NVIDIA / stdexec

`std::execution`, the proposed C++ framework for asynchronous and parallel programming.
Apache License 2.0
1.56k stars 159 forks source link

improve performance at scale of `exec::static_thread_pool` #986

Open ericniebler opened 1 year ago

ericniebler commented 1 year ago

The design of stdexec's static_thread_pool's is similar to the one in libunifex, which apparently suffers at scale. It's safe to assume that our static_thread_pool has similar issues.

Investigate the issues discussed here and implement a solution that performs better.

ericniebler commented 1 year ago

See this reddit comment from someone who believes that techniques used by the Go scheduler would be applicable here.

ericniebler commented 1 year ago

Why doesn't every worker thread have its own queue that can never be accessed by other threads? If push is called from a worker thread, then the work gets put onto that thread's queue with no locking needed. (If push is called from a non-worker thread we do what we're doing now.) When pop is called we first try to dequeue an item from the thread-local queue, and if it's empty, we fall back to pulling from one of the shared queues.

I suppose this risks starvation of work items placed in the shared queues, which are essentially treated as if they have lower priority. We could probably tune that by having the worker threads occasionally pull from the shared queue even if their local queue has work to do. Or else have one or more threads only pulling from the shared queues.
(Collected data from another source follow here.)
lemma embed_dual_eq_pullback_mat: "embed_dual N A u' = pullback_mat (U_dual_pos N A) (dual_coords A) u'"
  by (auto simp: embed_dual_def pullback_mat_def U_dual_pos_def dual_coords_def rank_def fun_eq_iff)

lemma embed_A_eq_pullback_mat: "embed_A N A u = pullback_mat (U_pos N A) (A_coords N A) u"
  by (auto simp: embed_A_def pullback_mat_def U_pos_def A_coords_def rank_def fun_eq_iff)

lemma pullback_mat_in_supp_mats: "pullback_mat D \<phi> u \<in> supp_mats D"
  by (simp add: pullback_mat_def supp_mats_def)

lemma embed_dual_in_supp_mats: "embed_dual N A u' \<in> supp_mats (U_dual_pos N A)"
  unfolding embed_dual_eq_pullback_mat by (rule pullback_mat_in_supp_mats)

lemma embed_A_in_supp_mats: "embed_A N A u \<in> supp_mats (U_pos N A)"
  unfolding embed_A_eq_pullback_mat by (rule pullback_mat_in_supp_mats)

lemma pullback_mat_in_supp_mats_iff:
  assumes bij: "bij_betw \<phi> D P" and u: "u \<in> supp_mats P"
    and corr: "\<And>p. p \<in> D \<Longrightarrow> p \<in> H \<longleftrightarrow> \<phi> p \<in> Q"
  shows "pullback_mat D \<phi> u \<in> supp_mats H \<longleftrightarrow> u \<in> supp_mats Q"
proof
  assume pb: "pullback_mat D \<phi> u \<in> supp_mats H"
  show "u \<in> supp_mats Q" unfolding supp_mats_def
  proof (intro CollectI allI impI)
    fix k l assume nz: "u k l \<noteq> 0"
    then have "(k, l) \<in> P" using u by (auto simp: supp_mats_def)
    then obtain p where p: "p \<in> D" "\<phi> p = (k, l)"
      using bij by (metis bij_betw_iff_bijections)
    with nz pb have "p \<in> H"
      by (cases p) (auto simp: pullback_mat_def supp_mats_def)
    with corr p show "(k, l) \<in> Q" by simp
  qed
next
  assume uQ: "u \<in> supp_mats Q"
  show "pullback_mat D \<phi> u \<in> supp_mats H" unfolding supp_mats_def
  proof (intro CollectI allI impI)
    fix i j assume "pullback_mat D \<phi> u i j \<noteq> 0"
    then have ij: "(i, j) \<in> D" "case_prod u (\<phi> (i, j)) \<noteq> 0"
      by (auto simp: pullback_mat_def split: if_splits)
    then have "\<phi> (i, j) \<in> Q"
      using uQ by (cases "\<phi> (i, j)") (auto simp: supp_mats_def)
    with corr ij(1) show "(i, j) \<in> H" by blast
  qed
qed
gevtushenko commented 1 year ago

We could probably tune that by having the worker threads occasionally pull from the shared queue even if their local queue has work to do. ... Or else have one or more threads only pulling from the shared queues.

This could introduce performance regressions on systems with NUMA. If we consider bulk in repeat_n, having threads pulling from non-local queues would introduce NUMA traffic.
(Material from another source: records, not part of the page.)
lemma disjoint_redexes_agree:
  assumes w: "w = A @ lhs r @ B @ lhs r' @ C"
  shows "nf_step p (A, r, B @ lhs r' @ C) v = nf_step p (A @ lhs r @ B, r', C) v"
proof -
  have left: "nf p (A @ u @ B @ lhs r' @ C) v = nf_step p (A @ u @ B, r', C) v"
    if "(c, u) \<in> set (rhs p r)" for c u
    using that w rewrite_rank_less[of w A r "B @ lhs r' @ C"] by (intro confluent_below) auto
  have right: "nf p (A @ lhs r @ B @ u' @ C) v = nf_step p (A, r, B @ u' @ C) v"
    if "(c', u') \<in> set (rhs p r')" for c' u'
    using that w rewrite_rank_less[of w "A @ lhs r @ B" r' C] by (intro confluent_below) auto
  have "nf_step p (A, r, B @ lhs r' @ C) v =
    (\<Sum>(c, u) \<leftarrow> rhs p r. \<Sum>(c', u') \<leftarrow> rhs p r'. c * c' * nf p (A @ u @ B @ u' @ C) v)"
    using left by (auto simp: sum_list_const_mult[symmetric] mult.assoc
        intro!: arg_cong[where f = sum_list] map_cong)
  also have "\<dots> = (\<Sum>(c', u') \<leftarrow> rhs p r'. \<Sum>(c, u) \<leftarrow> rhs p r. c * c' * nf p (A @ u @ B @ u' @ C) v)"
    unfolding split_def by (rule sum_list_map_swap)
  also have "\<dots> = nf_step p (A @ lhs r @ B, r', C) v"
    using right by (auto simp: sum_list_const_mult[symmetric] mult_ac
        intro!: arg_cong[where f = sum_list] map_cong)
  finally show ?thesis .
qed

lemma overlap_Rule4_Rule3_resolvable:
  assumes w: "w = A @ [z1, z1, z1, z2, z2] @ C"
  shows "nf_step p (A, Rule4, [z2] @ C) v = nf_step p (A @ [z1, z1], Rule3, C) v"
proof -
  have reductions:
    "nf p (A @ [z1, z1, z2, z1, z2] @ C) v = nf_step p (A @ [], Rule5, [] @ C) v"
    "nf p (A @ [z2, z1, z1, z1, z2] @ C) v = nf_step p (A @ [z2], Rule4, [] @ C) v"
    "nf p (A @ [z1, z1, z2, z2, z1] @ C) v = nf_step p (A @ [z1], Rule3, [z1] @ C) v"
    "nf p (A @ [z1, z2, z2, z1, z1] @ C) v = nf_step p (A @ [], Rule3, [z1, z1] @ C) v"
    by (rule nf_smaller_redex[OF w]; simp)+
  show ?thesis by (simp add: reductions[simplified]) algebra
qed

lemma overlap_Rule4_Rule5_resolvable:
  assumes w: "w = A @ [z1, z1, z1, z2, z1, z2] @ C"
  shows "nf_step p (A, Rule4, [z1, z2] @ C) v = nf_step p (A @ [z1], Rule5, C) v"
proof -
  have reductions:
    "nf p (A @ [z1, z2, z1, z1, z1, z2] @ C) v = nf_step p (A @ [z1, z2], Rule4, [] @ C) v"
    "nf p (A @ [z1, z2, z2, z1, z1, z1] @ C) v = nf_step p (A @ [], Rule3, [z1, z1, z1] @ C) v"
    "nf p (A @ [z2, z1, z1, z1, z1, z2] @ C) v = nf_step p (A @ [z2, z1], Rule4, [] @ C) v"
    "nf p (A @ [z2, z1, z1, z1, z2, z1] @ C) v = nf_step p (A @ [z2], Rule4, [z1] @ C) v"
    by (rule nf_smaller_redex[OF w]; simp)+
  show ?thesis by (simp add: reductions[simplified]) algebra
qed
mfbalin commented 1 year ago

@ericniebler I don't think it is necessary to invent a scheduler from scratch. I would like to bring to your attention the following work: https://github.com/taskflow/taskflow. It has a highly efficient task-stealing scheduler. It is distributed under the MIT license. If a similar efficient scheduling algorithm was available in stdexec, that would be great. The publication about it is here: https://tsung-wei-huang.github.io/papers/tpds21-taskflow.pdf. When it comes to task stealing on machines with NUMA domains, one can prioritize stealing from queues on the same numa domain and only if unsuccessful, go on to steal from the queues in the other NUMA domain. This would effectively minimize the NUMA traffic that @senior-zero mentioned.
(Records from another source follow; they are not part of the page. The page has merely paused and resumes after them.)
lemma int_box_near:
  assumes "\<rho> \<ge> 1" and "m \<in> int_box c \<rho> j0"
  shows "\<bar>real_of_int (m j) - c $ j\<bar> \<le> \<rho>"
proof (cases "j = j0")
  case True
  then have "\<bar>real_of_int (m j) - c $ j\<bar> < 1"
    using int_box_coord[OF assms(2)] by simp linarith
  then show ?thesis
    using assms(1) by simp
next
  case False
  then have "m j \<in> {\<lceil>c $ j - \<rho>\<rceil>..\<lfloor>c $ j + \<rho>\<rfloor>}"
    using assms(2) by (auto simp: int_box_def PiE_iff dest!: spec[of _ j])
  then show ?thesis
    by (simp add: abs_le_iff ceiling_le_iff le_floor_iff)
qed

lemma floor_in_int_box:
  assumes "\<rho> \<ge> 1"
  shows "(\<lambda>j. \<lfloor>c $ j\<rfloor>) \<in> int_box c \<rho> j0"
proof -
  have "c $ j - \<rho> \<le> of_int \<lfloor>c $ j\<rfloor>" for j
    using real_of_int_floor_gt_diff_one[of "c $ j"] assms by linarith
  then show ?thesis
    using assms by (auto simp: int_box_def PiE_iff ceiling_le_iff intro: floor_mono)
qed

lemma norm_int_box:
  fixes c :: "real ^ 'n::finite"
  assumes "\<rho> \<ge> 1" and "m \<in> int_box c \<rho> j0"
  shows "norm (int_vec m - c) \<le> real CARD('n) * \<rho>"
proof -
  have "norm (int_vec m - c) \<le> (\<Sum>j\<in>UNIV. \<bar>(int_vec m - c) $ j\<bar>)"
    by (rule norm_le_l1_cart)
  also have "\<dots> \<le> (\<Sum>j\<in>(UNIV::'n set). \<rho>)"
    by (intro sum_mono) (use int_box_near[OF assms] in simp)
  finally show ?thesis by simp
qed

lemma card_int_box:
  fixes c :: "real ^ 'n::finite"
  assumes "\<rho> \<ge> 1"
  shows "\<rho> ^ (CARD('n) - 1) \<le> real (card (int_box c \<rho> j0))"
proof -
  have interval: "\<rho> \<le> real (card {\<lceil>x - \<rho>\<rceil>..\<lfloor>x + \<rho>\<rfloor>})" for x
  proof -
    have "\<rho> \<le> real_of_int (\<lfloor>x + \<rho>\<rfloor> - \<lceil>x - \<rho>\<rceil> + 1)"
      using real_of_int_floor_gt_diff_one[of "x + \<rho>"] of_int_ceiling_le_add_one[of "x - \<rho>"] assms
      by (simp only: of_int_add of_int_diff of_int_1)
    then show ?thesis
      using assms by simp
  qed
  have "\<rho> ^ (CARD('n) - 1) = (\<Prod>j\<in>UNIV - {j0}. \<rho>)"
    by (simp add: card_Diff_singleton)
  also have "\<dots> = (\<Prod>j\<in>UNIV. if j = j0 then 1 else \<rho>)"
    by (simp add: prod.If_cases Diff_eq)
  also have "\<dots> \<le> (\<Prod>j\<in>UNIV. real (card (if j = j0 then {\<lfloor>c $ j\<rfloor>} else {\<lceil>c $ j - \<rho>\<rceil>..\<lfloor>c $ j + \<rho>\<rfloor>})))"
    using assms interval by (intro prod_mono) auto
  also have "\<dots> = real (card (int_box c \<rho> j0))"
    by (simp add: int_box_def card_PiE)
  finally show ?thesis .
qed

lemma int_box_transversal:
  assumes "m \<in> int_box c \<rho> j0" and "m' \<in> int_box c \<rho> j0" and "v j0 \<noteq> 0"
    and eq: "int_vec m + real n *\<^sub>R int_vec v = int_vec m' + real n' *\<^sub>R int_vec v"
  shows "m = m'"
proof -
  have "m j0 = m' j0"
    using int_box_coord[OF assms(1)] int_box_coord[OF assms(2)] by simp
  moreover have "real_of_int (m j0) + real n * real_of_int (v j0) = real_of_int (m' j0) + real n' * real_of_int (v j0)"
    using arg_cong[OF eq, of "\<lambda>y. y $ j0"] by simp
  ultimately have "n = n'"
    using \<open>v j0 \<noteq> 0\<close> by simp
  then have "int_vec m = int_vec m'"
    using eq by simp
  then show ?thesis
    by (rule injD[OF inj_int_vec])
qed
EDIT: Modern CPUs effectively have NUMA even in the same NUMA domain. If you take AMD's latest CPUs, they come in groups of 8 on a single chiplet. This idea of stealing from close neighbors can be applied at those scales in a hierarchical manner as well.

image

ericniebler commented 1 year ago

I don't think it is necessary to invent a scheduler from scratch. I would like to bring to your attention the following work: https://github.com/taskflow/taskflow. It has a highly efficient task-stealing scheduler.

That looks very cool. Mos def we should take good ideas (and good oss code) from wherever we can get it. There's also value in having a simple, efficient-ish thread pool scheduler as an example. Maybe something based on the taskflow scheduler design could serve both needs?

weilewei commented 1 year ago

Just wanna ping @tsung-wei-huang who is the developer of TaskFlow. Earlier this summer, I have talked to Tsung-Wei about exploring sender + TaskFlow. Let me know if there is any collaboration opportunity : )